Regularization in a restricted Boltzmann machine, experiment

    Hey. In this post, we will conduct an experiment in which we test two types of regularization in a restricted Boltzmann machine . As it turned out, RBM is very sensitive to model parameters, such as moment and local field of a neuron (for more details on all parameters, see Jeffrey Hinton’s practical guide in RBM ). But for a complete picture and for getting patterns like these , one more parameter was missing - regularization. Limited Boltzmann machines can be treated both as a kind of Markov network, and as another neural network, but if you dig deeper, you will see an analogy with vision.
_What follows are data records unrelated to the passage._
definition coeff_norm :: "('n::finite \<Rightarrow> ('m \<Rightarrow> nat) \<Rightarrow> complex) \<Rightarrow> ('m \<Rightarrow> nat) \<Rightarrow> real" where
  "coeff_norm b \<alpha> = l1_norm (\<lambda>j. b j \<alpha>)"

definition majorant_sum :: "('n::finite \<Rightarrow> ('m::finite \<Rightarrow> nat) \<Rightarrow> complex) \<Rightarrow> real \<Rightarrow> nat \<Rightarrow> real" where
  "majorant_sum b x N = (\<Sum>\<alpha>\<in>deg_le N. coeff_norm b \<alpha> * x ^ total_deg \<alpha>)"

lemma coeff_norm_nonneg: "0 \<le> coeff_norm b \<alpha>"
  unfolding coeff_norm_def by (rule l1_norm_nonneg)

lemma majorant_sum_nonneg: "0 \<le> x \<Longrightarrow> 0 \<le> majorant_sum b x N"
  unfolding majorant_sum_def by (intro sum_nonneg mult_nonneg_nonneg coeff_norm_nonneg) auto

lemma norm_coeff_le_majorant_sum:
  assumes "0 \<le> x"
  shows "norm (b j \<alpha>) * x ^ total_deg \<alpha> \<le> majorant_sum b x (total_deg \<alpha>)"
proof -
  have "norm (b j \<alpha>) \<le> coeff_norm b \<alpha>"
    unfolding coeff_norm_def l1_norm_def by (rule member_le_sum) auto
  then have "norm (b j \<alpha>) * x ^ total_deg \<alpha> \<le> coeff_norm b \<alpha> * x ^ total_deg \<alpha>"
    using assms by (intro mult_right_mono) auto
  also have "\<dots> \<le> majorant_sum b x (total_deg \<alpha>)"
    unfolding majorant_sum_def using assms
    by (intro member_le_sum mult_nonneg_nonneg coeff_norm_nonneg) auto
  finally show ?thesis .
qed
Like the primary visual cortexreceiving information from the retina through the optic nerve (may biologists forgive me for such a simplification), RBM is looking for simple patterns in the input image. The analogy does not end there, if very small and zero weights are interpreted as lack of weight, then we get that each hidden RBM neuron forms a receptive field , and the deep network formed from trained RBMs forms more complex features from simple images; In principle, the visual cortex of the brain is engaged in something similar, though, probably, it’s more complicated =)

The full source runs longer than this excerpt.